Bu bağlamda Jung'un bilinçdışı ve bilinci tam teşekküllü bir insan tipolojisi idealine entegre etme çabası farklı bir anlam kazandı. Jung gibi düşünen Emile Boutroux'ya göre zihinsel ve ahlaki özellikler toplumlarda azınlık özellikleridir. Ancak Jung'a göre insan fizyolojisini ve bilinçaltını oluşturan bileşenler, mekanikleştirilemeyen alanlar olarak hâlâ insani bir boyut olarak önemini koruyor.
Jung'un ruhsuz bir psikoloji olarak gördüğü psikiyatri bilimine yönelik eleştirisi, madde ve ruhun birbirine indirgendiği ve karışım halinde olduğu bir yapıya sahip olduğu gerçeğine değil, kaynağı anlama çabasına dayanmaktadır. Hormonlara bağlı nedenler, kişinin fizyolojik yapısındaki sinirler, bezler veya beyinde meydana gelen yapısal değişiklikler gibi çeşitli psikiyatrik vakaların görülmesine neden olur. Jung'a göre kişinin kendisiyle ilgili olan gölge (kişisel bilinçdışı) kısmından başlayarak bilinçdışı alanı bir ölçüde aydınlatılabilir veya ortaya çıkarılabilir. Jung, psikiyatri kliniklerinde gözlemlediği hastaların çoğunun asıl sorunlarının nevroz, psikoz gibi bozukluklar olmadığını belirtti.
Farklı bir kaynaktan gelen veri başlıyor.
definition extend_block :: "nat \<Rightarrow> arranged_block set \<times> arranged_block \<times> nat \<Rightarrow> arranged_block set"
  where "extend_block n = (\<lambda>(C, (B, s), x). insert (insert n B, s \<circ> transpose x n) (C - {(B, s)}))"

lemma inj_on_extend_block:
  "inj_on (extend_block (Suc N)) (SIGMA C:linked_cycles N m. SIGMA c:C. fst c)"
proof (rule inj_onI)
  let ?n = "Suc N"
  fix p1 p2
  assume p: "p1 \<in> (SIGMA C:linked_cycles N m. SIGMA c:C. fst c)" "p2 \<in> (SIGMA C:linked_cycles N m. SIGMA c:C. fst c)"
    and "extend_block ?n p1 = extend_block ?n p2"
  obtain C1 B1 s1 x1 where p1: "p1 = (C1, (B1, s1), x1)" by (metis prod.collapse)
  obtain C2 B2 s2 x2 where p2: "p2 = (C2, (B2, s2), x2)" by (metis prod.collapse)
  have 1: "C1 \<in> linked_cycles N m" "(B1, s1) \<in> C1" "x1 \<in> B1" using p(1) p1 by auto
  have 2: "C2 \<in> linked_cycles N m" "(B2, s2) \<in> C2" "x2 \<in> B2" using p(2) p2 by auto
  let ?e1 = "(insert ?n B1, s1 \<circ> transpose x1 ?n)" and ?e2 = "(insert ?n B2, s2 \<circ> transpose x2 ?n)"
  have eq: "insert ?e1 (C1 - {(B1, s1)}) = insert ?e2 (C2 - {(B2, s2)})"
    using \<open>extend_block ?n p1 = extend_block ?n p2\<close> unfolding p1 p2 extend_block_def by simp
  have "?e1 \<in> insert ?e2 (C2 - {(B2, s2)})" unfolding eq[symmetric] by simp
  moreover have "?e1 \<notin> C2" using linked_cycles_Suc_notin[OF 2(1)] by simp
  ultimately have e: "?e1 = ?e2" by simp
  have nB1: "?n \<notin> B1" and nB2: "?n \<notin> B2"
    using linked_cycles_Suc_notin[OF 1(1)] linked_cycles_Suc_notin[OF 2(1)] 1(2) 2(2) by auto
  then have B: "B1 = B2" using e by (metis Pair_inject insert_ident)
  have s1: "s1 permutes B1" and s2: "s2 permutes B2"
    using 1 2 linked_cycleD(3) unfolding linked_cycles_def cyclic_arrangement_def by auto
  let ?t = "s1 \<circ> transpose x1 ?n"
  txt \<open>Both \<open>x1\<close> and \<open>x2\<close> are the predecessor of \<open>n\<close> in the common cycle \<open>?t\<close>.\<close>
  have "?t x1 = ?n" "?t x2 = ?n"
    using e permutes_not_in[OF s1 nB1] permutes_not_in[OF s2 nB2]
    by (auto simp: fun_eq_iff dest: spec[of _ x2])
  moreover have "inj ?t" using s1 by (simp add: permutes_inj inj_compose)
  ultimately have x: "x1 = x2" using injD[of ?t x1 x2] by simp
  have "s1 = ?t \<circ> transpose x1 ?n" by (simp add: comp_assoc)
  also have "\<dots> = s2" using e x by (simp add: comp_assoc)
  finally have s: "s1 = s2" .
  have "C1 = insert (B1, s1) (insert ?e1 (C1 - {(B1, s1)}) - {?e1})"
    using 1(2) linked_cycles_Suc_notin[OF 1(1), of "insert ?n B1"] by auto
  also have "\<dots> = insert (B2, s2) (insert ?e2 (C2 - {(B2, s2)}) - {?e2})"
    using eq e B s by simp
  also have "\<dots> = C2" using 2(2) linked_cycles_Suc_notin[OF 2(1), of "insert ?n B2"] by auto
  finally show "p1 = p2" using B s x unfolding p1 p2 by simp
qed

lemma extend_block_mem:
  assumes C: "C \<in> linked_cycles N m" and Bs: "(B, s) \<in> C" and x: "x \<in> B"
  shows "extend_block (Suc N) (C, (B, s), x)
           \<in> {D \<in> linked_cycles (Suc N) m. ({Suc N}, id) \<notin> D \<and> \<not> has_link_block (Suc N) D}"
proof -
  let ?n = "Suc N" and ?D = "extend_block (Suc N) (C, (B, s), x)"
  have D: "?D = insert (insert ?n B, s \<circ> transpose x ?n) (C - {(B, s)})"
    unfolding extend_block_def by simp
  have lc: "linked_cycle N C" using C unfolding linked_cycles_def by simp
  have lp: "linked_partition N (fst ` C)" and inj: "inj_on fst C" using linked_cycleD[OF lc] by auto
  have nB: "?n \<notin> B" using linked_cycles_Suc_notin[OF C, of B s] Bs by auto
  have top: "c = (insert ?n B, s \<circ> transpose x ?n)" if "c \<in> ?D" "?n \<in> fst c" for c
    using that linked_cycles_Suc_notin[OF C, of "fst c" "snd c"] unfolding D by auto
  have "({?n}, id) \<notin> ?D" using top[of "({?n}, id)"] x nB by auto
  moreover have "\<not> has_link_block ?n ?D"
  proof
    assume "has_link_block ?n ?D"
    then obtain a t F where h: "({a, ?n}, t) \<in> ?D" "a \<noteq> ?n" "F \<in> fst ` ?D" "a \<in> F" "F \<noteq> {a, ?n}"
      unfolding has_link_block_def by blast
    have "insert ?n B = {a, ?n}" using top[OF h(1)] by simp
    then have Ba: "B = {a}" using nB h(2) by auto
    have "F \<in> fst ` C" "F \<noteq> B"
      using h(3,5) inj_on_image_remove[OF inj Bs] \<open>insert ?n B = {a, ?n}\<close> unfolding D by auto
    then show False
      using linked_partition_common_element[of N "fst ` C" B F a] lp Bs h(4) Ba by force
  qed
  ultimately show ?thesis
    using linked_cycle_insert_after[OF lc Bs x] C unfolding D linked_cycles_def by simp
qed

lemma extend_block_surj:
  assumes "D \<in> {D \<in> linked_cycles (Suc N) m. ({Suc N}, id) \<notin> D \<and> \<not> has_link_block (Suc N) D}"
  shows "D \<in> extend_block (Suc N) ` (SIGMA C:linked_cycles N m. SIGMA c:C. fst c)"
proof -
  let ?n = "Suc N"
  have lcD: "linked_cycle ?n D" and card: "card (singly_covered_minimal (fst ` D)) = m"
    and no_singleton: "({?n}, id) \<notin> D" and no_link: "\<not> has_link_block ?n D"
    using assms unfolding linked_cycles_def by auto
  have "?n \<in> \<Union>(fst ` D)" using linked_partition_Union[OF linked_cycleD(1)[OF lcD]] by simp
  then obtain B t where Bt: "(B, t) \<in> D" and nB: "?n \<in> B" by auto
  let ?B0 = "B - {?n}" and ?s = "transpose ?n (t ?n) \<circ> t" and ?x = "inv t ?n"
  let ?C = "insert (?B0, ?s) (D - {(B, t)})"
  note rem = linked_cycle_remove_from_block[OF lcD Bt nB no_singleton no_link]
  have "singly_covered_minimal (fst ` D) = singly_covered_minimal (fst ` ?C)"
    using trans[OF arg_cong[of _ _ "\<lambda>X. singly_covered_minimal (fst ` X)", OF rem(4)]
        linked_cycle_insert_after(2)[OF rem(1,2,3)]] .
  then have "(?C, (?B0, ?s), ?x) \<in> (SIGMA C:linked_cycles N m. SIGMA c:C. fst c)"
    using rem(1,2,3) card unfolding linked_cycles_def by simp
  moreover have "D = extend_block ?n (?C, (?B0, ?s), ?x)"
    using rem(4) unfolding extend_block_def by simp
  ultimately show ?thesis by (rule rev_image_eqI)
qed

lemma bij_betw_extend_block:
  "bij_betw (extend_block (Suc N)) (SIGMA C:linked_cycles N m. SIGMA c:C. fst c)
     {D \<in> linked_cycles (Suc N) m. ({Suc N}, id) \<notin> D \<and> \<not> has_link_block (Suc N) D}"
  unfolding bij_betw_def
proof (intro conjI inj_on_extend_block equalityI subsetI)
  fix D assume "D \<in> extend_block (Suc N) ` (SIGMA C:linked_cycles N m. SIGMA c:C. fst c)"
  then show "D \<in> {D \<in> linked_cycles (Suc N) m. ({Suc N}, id) \<notin> D \<and> \<not> has_link_block (Suc N) D}"
    using extend_block_mem by auto
qed (rule extend_block_surj)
Jung'a göre hem saf akıldan yoksun olan ve bu bakımdan makine benzeri varlıklara benzeyen insan, hem de geleneğin kalıplarına göre hareket eden insan, eksik insandır. Ancak Jung'un ifadesiyle "tam teşekküllü" bir insan olabilmek için, geleneksel kalıplardan ve saf zekadan yoksun, makine benzeri bir varlık olan insanoğlunun aksine, bilinçli bir zihinle hareket etmek gerekir. Uzun tecrübemde beni etik ilkeleri inkar etmeye, hatta bu konuda basit bir şüpheye sevk eden bir durumla karşılaşmadım; Tam tersine tecrübe ve bilgi arttıkça etik sorun daha da belirginleşti ve ahlaki sorumluluk arttı.